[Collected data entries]

········

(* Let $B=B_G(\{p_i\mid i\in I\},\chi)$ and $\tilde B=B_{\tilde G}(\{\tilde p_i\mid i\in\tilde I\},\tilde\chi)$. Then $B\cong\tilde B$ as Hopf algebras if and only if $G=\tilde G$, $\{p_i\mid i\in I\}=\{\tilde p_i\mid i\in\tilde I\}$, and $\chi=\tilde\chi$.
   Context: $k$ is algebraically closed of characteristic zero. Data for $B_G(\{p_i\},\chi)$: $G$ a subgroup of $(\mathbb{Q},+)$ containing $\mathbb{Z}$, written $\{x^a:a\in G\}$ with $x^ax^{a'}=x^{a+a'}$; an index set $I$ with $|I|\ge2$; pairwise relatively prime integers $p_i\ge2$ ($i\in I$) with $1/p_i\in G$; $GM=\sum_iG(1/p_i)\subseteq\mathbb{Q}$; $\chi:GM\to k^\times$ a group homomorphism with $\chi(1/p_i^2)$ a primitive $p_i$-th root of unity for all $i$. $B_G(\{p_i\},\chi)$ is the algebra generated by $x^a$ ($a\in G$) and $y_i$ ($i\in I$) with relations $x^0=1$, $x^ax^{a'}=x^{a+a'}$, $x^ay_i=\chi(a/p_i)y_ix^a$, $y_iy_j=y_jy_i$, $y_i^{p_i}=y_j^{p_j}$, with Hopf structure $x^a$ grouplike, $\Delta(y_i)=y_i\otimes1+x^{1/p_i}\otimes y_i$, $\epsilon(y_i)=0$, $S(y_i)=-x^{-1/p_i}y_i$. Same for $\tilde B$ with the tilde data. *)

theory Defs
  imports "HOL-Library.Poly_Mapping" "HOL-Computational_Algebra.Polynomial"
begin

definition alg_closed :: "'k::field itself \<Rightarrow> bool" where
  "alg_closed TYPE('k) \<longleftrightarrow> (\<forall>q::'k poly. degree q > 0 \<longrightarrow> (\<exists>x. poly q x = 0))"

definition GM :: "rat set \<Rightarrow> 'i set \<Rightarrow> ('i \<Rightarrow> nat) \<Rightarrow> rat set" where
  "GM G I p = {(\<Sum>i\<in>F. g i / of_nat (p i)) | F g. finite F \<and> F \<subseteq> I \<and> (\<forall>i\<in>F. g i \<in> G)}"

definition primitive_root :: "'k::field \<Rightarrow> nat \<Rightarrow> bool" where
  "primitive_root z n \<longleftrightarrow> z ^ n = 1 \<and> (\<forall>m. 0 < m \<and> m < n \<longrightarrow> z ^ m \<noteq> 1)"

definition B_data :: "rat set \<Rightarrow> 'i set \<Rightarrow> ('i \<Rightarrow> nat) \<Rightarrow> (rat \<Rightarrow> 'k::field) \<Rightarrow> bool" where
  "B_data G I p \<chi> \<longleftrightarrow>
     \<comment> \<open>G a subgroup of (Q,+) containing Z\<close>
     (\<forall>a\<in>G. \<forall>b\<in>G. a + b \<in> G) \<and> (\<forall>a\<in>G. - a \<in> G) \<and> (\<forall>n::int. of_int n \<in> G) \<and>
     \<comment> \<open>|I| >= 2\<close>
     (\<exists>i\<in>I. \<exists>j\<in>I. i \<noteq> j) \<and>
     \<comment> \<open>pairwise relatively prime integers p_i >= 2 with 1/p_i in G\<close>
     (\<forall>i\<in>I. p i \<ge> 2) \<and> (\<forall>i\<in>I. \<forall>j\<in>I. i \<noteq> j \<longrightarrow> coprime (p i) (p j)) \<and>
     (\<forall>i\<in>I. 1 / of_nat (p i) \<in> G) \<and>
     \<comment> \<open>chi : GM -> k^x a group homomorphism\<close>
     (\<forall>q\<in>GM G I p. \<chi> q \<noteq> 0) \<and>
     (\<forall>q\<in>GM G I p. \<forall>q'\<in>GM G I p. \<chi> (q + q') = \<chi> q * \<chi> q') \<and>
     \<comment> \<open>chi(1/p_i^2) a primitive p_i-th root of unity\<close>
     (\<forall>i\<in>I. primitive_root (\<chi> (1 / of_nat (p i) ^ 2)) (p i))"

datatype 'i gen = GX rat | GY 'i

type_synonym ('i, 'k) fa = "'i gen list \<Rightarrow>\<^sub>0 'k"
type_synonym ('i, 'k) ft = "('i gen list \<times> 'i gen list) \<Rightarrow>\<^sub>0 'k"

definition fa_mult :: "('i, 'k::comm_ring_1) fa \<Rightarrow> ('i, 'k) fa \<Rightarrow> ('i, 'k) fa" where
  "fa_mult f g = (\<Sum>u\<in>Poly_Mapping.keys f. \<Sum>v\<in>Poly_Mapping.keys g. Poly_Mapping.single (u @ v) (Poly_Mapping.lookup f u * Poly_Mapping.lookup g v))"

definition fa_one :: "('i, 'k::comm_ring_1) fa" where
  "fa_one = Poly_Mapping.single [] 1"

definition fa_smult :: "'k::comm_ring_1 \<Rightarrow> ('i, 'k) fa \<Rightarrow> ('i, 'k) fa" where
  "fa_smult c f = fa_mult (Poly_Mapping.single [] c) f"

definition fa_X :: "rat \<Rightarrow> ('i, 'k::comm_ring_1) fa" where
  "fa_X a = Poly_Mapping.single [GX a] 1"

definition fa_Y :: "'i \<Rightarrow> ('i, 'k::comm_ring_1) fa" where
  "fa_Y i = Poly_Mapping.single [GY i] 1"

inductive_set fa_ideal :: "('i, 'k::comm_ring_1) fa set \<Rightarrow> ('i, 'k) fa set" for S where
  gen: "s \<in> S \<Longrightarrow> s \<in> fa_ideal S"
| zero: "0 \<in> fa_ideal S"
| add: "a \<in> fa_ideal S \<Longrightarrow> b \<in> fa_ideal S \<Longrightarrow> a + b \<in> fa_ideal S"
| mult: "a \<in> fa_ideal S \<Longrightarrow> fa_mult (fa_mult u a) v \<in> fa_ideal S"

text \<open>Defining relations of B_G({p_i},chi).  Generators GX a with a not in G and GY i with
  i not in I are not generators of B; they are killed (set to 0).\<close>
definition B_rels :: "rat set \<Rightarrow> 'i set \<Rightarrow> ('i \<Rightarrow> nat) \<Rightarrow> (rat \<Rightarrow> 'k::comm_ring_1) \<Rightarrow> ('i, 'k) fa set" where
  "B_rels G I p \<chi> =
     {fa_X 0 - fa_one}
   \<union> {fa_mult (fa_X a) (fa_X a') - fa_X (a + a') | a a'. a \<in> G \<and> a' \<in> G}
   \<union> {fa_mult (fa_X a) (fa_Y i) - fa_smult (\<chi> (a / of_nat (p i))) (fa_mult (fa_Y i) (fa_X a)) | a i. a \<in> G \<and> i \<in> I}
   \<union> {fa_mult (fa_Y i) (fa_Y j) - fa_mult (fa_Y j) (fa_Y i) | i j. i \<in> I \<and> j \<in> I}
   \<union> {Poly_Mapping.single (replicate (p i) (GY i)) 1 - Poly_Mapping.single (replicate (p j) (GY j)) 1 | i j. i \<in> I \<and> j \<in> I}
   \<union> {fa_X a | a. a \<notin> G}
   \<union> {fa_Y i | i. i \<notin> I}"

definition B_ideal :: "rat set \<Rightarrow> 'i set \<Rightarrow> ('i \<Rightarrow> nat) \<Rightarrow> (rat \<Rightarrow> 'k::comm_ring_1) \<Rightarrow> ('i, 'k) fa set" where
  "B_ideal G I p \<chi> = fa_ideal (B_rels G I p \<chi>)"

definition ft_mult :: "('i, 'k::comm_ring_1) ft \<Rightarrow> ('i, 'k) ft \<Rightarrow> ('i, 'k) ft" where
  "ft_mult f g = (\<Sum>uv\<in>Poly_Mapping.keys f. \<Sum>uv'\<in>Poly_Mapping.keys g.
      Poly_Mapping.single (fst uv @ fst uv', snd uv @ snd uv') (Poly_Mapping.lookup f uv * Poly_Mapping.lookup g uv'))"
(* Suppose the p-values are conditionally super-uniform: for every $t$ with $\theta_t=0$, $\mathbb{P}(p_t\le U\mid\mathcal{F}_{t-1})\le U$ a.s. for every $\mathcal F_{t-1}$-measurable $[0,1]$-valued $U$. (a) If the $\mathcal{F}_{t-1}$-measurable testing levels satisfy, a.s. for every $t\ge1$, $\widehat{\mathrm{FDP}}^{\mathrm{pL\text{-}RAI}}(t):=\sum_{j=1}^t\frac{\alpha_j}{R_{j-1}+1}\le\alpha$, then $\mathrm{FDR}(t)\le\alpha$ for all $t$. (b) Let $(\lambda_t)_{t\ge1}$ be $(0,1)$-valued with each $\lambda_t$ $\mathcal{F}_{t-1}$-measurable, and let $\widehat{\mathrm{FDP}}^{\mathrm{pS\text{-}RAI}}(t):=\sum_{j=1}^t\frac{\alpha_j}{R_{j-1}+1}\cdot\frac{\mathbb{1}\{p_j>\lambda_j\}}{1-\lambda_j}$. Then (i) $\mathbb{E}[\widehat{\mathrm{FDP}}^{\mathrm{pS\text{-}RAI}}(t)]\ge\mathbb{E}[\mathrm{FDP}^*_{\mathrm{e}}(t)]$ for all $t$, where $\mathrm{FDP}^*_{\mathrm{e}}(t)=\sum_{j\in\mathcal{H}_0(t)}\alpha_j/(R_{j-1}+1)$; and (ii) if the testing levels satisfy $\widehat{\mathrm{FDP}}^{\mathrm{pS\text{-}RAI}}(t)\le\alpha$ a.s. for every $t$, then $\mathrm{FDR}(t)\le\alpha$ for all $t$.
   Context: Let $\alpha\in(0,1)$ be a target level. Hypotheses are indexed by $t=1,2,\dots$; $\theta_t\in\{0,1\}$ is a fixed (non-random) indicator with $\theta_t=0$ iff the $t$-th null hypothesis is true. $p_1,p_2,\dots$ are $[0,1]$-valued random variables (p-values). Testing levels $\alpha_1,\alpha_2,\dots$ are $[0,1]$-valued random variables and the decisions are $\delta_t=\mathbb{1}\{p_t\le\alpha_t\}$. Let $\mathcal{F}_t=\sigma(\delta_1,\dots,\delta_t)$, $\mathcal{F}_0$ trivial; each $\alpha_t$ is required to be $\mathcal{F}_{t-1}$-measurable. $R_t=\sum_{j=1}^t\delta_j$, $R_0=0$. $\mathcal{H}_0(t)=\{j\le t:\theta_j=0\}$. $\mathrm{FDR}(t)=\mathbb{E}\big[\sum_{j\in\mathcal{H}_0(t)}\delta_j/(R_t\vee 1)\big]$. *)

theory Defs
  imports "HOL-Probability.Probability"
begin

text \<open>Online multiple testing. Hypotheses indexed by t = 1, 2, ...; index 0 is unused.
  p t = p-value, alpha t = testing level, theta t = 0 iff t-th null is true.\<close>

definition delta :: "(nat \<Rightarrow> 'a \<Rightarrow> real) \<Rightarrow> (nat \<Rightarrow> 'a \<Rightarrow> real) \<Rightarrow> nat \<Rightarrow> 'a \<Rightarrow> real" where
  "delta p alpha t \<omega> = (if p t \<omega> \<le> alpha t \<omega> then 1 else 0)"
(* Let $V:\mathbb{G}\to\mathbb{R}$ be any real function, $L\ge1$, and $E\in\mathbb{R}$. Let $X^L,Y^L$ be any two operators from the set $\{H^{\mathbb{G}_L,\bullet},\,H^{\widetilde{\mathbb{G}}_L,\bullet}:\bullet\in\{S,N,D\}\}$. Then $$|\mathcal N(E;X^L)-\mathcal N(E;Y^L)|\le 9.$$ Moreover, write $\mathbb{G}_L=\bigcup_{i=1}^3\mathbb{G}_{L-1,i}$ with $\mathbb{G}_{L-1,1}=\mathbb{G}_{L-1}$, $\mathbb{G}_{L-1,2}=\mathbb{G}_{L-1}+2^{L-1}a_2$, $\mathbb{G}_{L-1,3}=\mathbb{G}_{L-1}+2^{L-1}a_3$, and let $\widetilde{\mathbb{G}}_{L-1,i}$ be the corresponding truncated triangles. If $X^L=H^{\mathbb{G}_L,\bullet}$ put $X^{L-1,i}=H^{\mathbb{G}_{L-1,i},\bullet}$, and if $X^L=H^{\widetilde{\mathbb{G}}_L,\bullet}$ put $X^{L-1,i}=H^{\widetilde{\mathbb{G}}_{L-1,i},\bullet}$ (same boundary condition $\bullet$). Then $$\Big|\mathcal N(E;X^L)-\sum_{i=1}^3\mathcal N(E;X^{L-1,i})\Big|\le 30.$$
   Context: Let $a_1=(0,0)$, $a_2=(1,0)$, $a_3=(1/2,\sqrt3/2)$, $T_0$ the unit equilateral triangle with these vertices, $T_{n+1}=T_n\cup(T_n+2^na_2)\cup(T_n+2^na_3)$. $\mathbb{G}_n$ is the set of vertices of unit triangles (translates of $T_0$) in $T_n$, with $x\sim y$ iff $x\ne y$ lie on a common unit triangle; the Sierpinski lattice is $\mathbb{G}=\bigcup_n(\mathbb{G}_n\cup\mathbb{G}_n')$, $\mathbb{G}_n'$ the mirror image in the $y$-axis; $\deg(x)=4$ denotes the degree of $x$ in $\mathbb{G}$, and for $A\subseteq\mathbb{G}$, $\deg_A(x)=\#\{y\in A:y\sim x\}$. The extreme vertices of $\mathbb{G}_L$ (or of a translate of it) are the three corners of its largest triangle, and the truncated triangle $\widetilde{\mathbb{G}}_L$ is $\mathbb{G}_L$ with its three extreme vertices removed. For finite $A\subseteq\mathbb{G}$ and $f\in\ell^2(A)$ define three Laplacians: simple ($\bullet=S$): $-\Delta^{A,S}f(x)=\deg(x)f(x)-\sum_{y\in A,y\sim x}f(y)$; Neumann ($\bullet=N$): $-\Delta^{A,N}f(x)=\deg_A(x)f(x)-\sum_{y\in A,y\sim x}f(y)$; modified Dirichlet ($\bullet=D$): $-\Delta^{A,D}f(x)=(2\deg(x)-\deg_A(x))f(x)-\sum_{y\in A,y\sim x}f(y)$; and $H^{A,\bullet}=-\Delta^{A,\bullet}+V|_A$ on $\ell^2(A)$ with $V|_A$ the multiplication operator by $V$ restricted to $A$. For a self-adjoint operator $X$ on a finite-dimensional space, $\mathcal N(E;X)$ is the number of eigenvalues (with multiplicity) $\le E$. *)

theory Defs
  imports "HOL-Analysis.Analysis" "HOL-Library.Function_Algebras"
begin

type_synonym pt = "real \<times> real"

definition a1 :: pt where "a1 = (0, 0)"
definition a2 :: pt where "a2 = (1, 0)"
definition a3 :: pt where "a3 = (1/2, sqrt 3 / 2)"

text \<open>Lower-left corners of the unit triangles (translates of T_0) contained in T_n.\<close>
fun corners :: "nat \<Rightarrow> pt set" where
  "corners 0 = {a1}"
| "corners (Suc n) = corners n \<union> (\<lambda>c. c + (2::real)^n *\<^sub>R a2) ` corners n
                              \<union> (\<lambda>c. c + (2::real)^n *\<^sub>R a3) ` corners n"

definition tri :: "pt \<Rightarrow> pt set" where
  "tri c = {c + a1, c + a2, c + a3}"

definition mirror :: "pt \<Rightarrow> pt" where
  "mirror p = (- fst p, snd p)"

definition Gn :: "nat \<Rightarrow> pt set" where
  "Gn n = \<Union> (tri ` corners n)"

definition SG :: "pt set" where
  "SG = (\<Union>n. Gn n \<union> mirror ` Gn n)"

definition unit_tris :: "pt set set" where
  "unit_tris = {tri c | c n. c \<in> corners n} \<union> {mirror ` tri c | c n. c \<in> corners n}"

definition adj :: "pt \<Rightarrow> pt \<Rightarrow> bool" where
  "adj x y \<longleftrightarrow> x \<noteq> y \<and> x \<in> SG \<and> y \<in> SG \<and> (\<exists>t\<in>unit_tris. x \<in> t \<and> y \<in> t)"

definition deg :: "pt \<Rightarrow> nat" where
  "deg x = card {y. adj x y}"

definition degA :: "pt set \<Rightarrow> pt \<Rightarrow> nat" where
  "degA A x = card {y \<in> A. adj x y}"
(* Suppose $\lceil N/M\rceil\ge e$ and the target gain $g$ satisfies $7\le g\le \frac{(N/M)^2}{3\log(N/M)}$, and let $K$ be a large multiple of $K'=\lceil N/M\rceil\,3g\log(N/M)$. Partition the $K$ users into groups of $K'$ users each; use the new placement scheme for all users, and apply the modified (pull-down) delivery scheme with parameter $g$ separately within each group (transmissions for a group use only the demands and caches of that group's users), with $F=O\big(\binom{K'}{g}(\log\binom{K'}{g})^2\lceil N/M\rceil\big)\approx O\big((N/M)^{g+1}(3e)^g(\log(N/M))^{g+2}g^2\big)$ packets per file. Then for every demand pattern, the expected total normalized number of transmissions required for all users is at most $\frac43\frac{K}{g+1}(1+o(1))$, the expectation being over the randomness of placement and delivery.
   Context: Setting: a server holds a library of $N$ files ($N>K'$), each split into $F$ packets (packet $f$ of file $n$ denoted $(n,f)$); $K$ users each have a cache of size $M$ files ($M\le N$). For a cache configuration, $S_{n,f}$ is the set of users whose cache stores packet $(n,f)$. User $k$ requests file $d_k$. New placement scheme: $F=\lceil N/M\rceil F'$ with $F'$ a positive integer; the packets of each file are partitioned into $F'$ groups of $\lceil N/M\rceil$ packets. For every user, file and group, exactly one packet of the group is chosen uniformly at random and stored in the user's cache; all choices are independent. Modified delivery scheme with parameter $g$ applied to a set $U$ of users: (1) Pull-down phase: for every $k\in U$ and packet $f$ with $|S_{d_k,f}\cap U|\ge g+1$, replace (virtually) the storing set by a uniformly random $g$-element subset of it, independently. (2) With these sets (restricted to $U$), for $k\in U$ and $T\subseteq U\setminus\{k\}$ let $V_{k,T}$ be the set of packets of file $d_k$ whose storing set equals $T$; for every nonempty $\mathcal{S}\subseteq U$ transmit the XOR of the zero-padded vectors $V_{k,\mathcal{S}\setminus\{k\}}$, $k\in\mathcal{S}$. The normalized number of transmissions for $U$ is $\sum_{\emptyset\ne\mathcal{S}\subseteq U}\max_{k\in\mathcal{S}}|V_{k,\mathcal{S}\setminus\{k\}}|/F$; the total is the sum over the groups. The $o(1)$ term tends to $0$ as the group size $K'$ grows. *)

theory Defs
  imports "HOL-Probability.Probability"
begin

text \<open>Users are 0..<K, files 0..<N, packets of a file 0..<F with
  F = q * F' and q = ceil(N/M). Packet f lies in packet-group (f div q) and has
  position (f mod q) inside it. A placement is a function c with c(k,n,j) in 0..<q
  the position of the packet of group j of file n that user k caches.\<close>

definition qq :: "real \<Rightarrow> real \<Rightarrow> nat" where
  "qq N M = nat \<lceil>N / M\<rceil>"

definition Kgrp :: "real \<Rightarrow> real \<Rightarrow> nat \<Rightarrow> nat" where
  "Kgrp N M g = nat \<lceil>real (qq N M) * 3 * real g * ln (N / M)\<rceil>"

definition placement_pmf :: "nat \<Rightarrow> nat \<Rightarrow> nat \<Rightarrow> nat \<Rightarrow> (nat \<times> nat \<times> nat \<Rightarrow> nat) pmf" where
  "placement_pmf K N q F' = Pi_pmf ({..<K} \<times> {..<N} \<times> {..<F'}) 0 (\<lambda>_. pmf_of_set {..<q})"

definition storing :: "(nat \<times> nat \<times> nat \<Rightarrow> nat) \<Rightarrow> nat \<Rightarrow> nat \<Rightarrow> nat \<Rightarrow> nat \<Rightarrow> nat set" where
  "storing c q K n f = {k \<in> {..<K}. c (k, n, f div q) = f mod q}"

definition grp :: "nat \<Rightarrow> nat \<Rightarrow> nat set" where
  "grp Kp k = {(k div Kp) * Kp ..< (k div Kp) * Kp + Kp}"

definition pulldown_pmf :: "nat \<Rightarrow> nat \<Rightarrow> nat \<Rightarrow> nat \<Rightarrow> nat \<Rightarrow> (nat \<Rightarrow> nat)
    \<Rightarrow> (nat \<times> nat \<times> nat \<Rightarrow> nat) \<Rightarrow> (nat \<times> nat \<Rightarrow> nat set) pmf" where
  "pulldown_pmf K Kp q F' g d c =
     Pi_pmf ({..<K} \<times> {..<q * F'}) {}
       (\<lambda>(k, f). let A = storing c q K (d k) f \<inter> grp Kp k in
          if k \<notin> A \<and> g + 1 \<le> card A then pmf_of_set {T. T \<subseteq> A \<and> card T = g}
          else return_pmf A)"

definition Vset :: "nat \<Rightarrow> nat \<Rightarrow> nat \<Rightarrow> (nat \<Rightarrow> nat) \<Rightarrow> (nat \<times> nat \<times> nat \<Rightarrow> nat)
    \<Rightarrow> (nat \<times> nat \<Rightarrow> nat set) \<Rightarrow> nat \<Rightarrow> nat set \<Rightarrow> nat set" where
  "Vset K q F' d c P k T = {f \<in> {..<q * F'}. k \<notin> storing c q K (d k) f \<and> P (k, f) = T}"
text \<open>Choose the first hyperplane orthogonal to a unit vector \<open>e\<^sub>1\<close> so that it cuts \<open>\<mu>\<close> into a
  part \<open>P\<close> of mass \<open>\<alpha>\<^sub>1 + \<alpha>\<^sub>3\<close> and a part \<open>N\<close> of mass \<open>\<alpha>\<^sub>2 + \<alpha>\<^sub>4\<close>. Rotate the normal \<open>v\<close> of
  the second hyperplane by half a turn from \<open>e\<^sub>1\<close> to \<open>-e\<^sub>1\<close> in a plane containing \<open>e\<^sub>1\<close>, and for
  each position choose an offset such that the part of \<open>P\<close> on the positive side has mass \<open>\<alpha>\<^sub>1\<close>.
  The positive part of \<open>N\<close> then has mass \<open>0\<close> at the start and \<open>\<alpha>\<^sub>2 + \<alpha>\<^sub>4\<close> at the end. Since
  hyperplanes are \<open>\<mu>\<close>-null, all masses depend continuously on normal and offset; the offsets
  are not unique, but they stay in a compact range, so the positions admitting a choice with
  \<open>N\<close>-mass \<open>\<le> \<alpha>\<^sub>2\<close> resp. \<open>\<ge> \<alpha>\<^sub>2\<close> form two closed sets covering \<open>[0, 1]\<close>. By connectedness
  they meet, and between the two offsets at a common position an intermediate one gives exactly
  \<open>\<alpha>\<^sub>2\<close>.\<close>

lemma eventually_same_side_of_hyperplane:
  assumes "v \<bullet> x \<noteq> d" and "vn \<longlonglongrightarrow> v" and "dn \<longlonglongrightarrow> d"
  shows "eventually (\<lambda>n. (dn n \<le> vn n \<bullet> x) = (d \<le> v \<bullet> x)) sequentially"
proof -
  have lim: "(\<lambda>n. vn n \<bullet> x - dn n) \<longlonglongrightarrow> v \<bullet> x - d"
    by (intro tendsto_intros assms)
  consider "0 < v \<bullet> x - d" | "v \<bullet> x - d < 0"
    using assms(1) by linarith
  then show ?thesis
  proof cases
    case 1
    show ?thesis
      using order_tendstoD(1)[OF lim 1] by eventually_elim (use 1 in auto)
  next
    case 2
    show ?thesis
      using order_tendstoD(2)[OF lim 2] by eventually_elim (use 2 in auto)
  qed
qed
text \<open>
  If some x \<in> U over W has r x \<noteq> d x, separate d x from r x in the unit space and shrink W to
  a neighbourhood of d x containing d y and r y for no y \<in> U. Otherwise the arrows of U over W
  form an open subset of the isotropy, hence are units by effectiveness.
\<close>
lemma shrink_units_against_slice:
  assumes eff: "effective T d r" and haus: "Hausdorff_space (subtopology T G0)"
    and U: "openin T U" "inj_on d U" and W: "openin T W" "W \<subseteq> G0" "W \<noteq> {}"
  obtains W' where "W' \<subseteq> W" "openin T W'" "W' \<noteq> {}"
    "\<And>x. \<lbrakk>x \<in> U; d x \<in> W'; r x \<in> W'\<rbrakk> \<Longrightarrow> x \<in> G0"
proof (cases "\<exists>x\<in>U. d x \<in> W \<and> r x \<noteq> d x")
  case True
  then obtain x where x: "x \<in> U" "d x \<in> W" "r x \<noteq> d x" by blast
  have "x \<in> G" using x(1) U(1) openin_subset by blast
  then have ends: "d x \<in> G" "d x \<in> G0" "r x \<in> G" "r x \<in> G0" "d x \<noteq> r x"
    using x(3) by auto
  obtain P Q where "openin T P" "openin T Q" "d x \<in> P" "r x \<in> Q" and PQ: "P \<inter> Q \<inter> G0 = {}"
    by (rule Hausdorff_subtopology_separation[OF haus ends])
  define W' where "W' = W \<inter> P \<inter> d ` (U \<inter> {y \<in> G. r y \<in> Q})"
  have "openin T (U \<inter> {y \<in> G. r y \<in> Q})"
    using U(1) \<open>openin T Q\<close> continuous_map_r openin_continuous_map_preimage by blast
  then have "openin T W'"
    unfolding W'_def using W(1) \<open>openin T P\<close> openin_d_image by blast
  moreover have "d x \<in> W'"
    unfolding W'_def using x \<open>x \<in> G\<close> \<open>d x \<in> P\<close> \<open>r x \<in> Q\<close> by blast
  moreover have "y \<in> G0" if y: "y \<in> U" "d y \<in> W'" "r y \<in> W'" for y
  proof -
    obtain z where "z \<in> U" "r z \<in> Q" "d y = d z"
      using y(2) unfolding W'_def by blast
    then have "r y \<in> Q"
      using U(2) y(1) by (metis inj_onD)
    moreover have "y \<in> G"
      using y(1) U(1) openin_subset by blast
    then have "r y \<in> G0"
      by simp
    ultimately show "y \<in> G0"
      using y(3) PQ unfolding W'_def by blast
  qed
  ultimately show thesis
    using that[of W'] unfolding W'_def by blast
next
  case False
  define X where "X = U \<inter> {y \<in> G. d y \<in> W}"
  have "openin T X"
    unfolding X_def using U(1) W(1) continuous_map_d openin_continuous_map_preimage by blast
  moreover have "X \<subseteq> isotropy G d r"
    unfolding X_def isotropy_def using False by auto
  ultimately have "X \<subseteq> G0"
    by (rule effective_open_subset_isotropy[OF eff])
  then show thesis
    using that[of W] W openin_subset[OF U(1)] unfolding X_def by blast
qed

········

Work instructions: Given the records above, return exactly the lines starting at the line containing "(\<forall>i\<in>I. p i" and ending at the line containing "for S where", including both.

Final answer:
     (\<forall>i\<in>I. p i \<ge> 2) \<and> (\<forall>i\<in>I. \<forall>j\<in>I. i \<noteq> j \<longrightarrow> coprime (p i) (p j)) \<and>
     (\<forall>i\<in>I. 1 / of_nat (p i) \<in> G) \<and>
     \<comment> \<open>chi : GM -> k^x a group homomorphism\<close>
     (\<forall>q\<in>GM G I p. \<chi> q \<noteq> 0) \<and>
     (\<forall>q\<in>GM G I p. \<forall>q'\<in>GM G I p. \<chi> (q + q') = \<chi> q * \<chi> q') \<and>
     \<comment> \<open>chi(1/p_i^2) a primitive p_i-th root of unity\<close>
     (\<forall>i\<in>I. primitive_root (\<chi> (1 / of_nat (p i) ^ 2)) (p i))"

datatype 'i gen = GX rat | GY 'i

type_synonym ('i, 'k) fa = "'i gen list \<Rightarrow>\<^sub>0 'k"
type_synonym ('i, 'k) ft = "('i gen list \<times> 'i gen list) \<Rightarrow>\<^sub>0 'k"

definition fa_mult :: "('i, 'k::comm_ring_1) fa \<Rightarrow> ('i, 'k) fa \<Rightarrow> ('i, 'k) fa" where
  "fa_mult f g = (\<Sum>u\<in>Poly_Mapping.keys f. \<Sum>v\<in>Poly_Mapping.keys g. Poly_Mapping.single (u @ v) (Poly_Mapping.lookup f u * Poly_Mapping.lookup g v))"

definition fa_one :: "('i, 'k::comm_ring_1) fa" where
  "fa_one = Poly_Mapping.single [] 1"

definition fa_smult :: "'k::comm_ring_1 \<Rightarrow> ('i, 'k) fa \<Rightarrow> ('i, 'k) fa" where
  "fa_smult c f = fa_mult (Poly_Mapping.single [] c) f"

definition fa_X :: "rat \<Rightarrow> ('i, 'k::comm_ring_1) fa" where
  "fa_X a = Poly_Mapping.single [GX a] 1"

definition fa_Y :: "'i \<Rightarrow> ('i, 'k::comm_ring_1) fa" where
  "fa_Y i = Poly_Mapping.single [GY i] 1"

inductive_set fa_ideal :: "('i, 'k::comm_ring_1) fa set \<Rightarrow> ('i, 'k) fa set" for S where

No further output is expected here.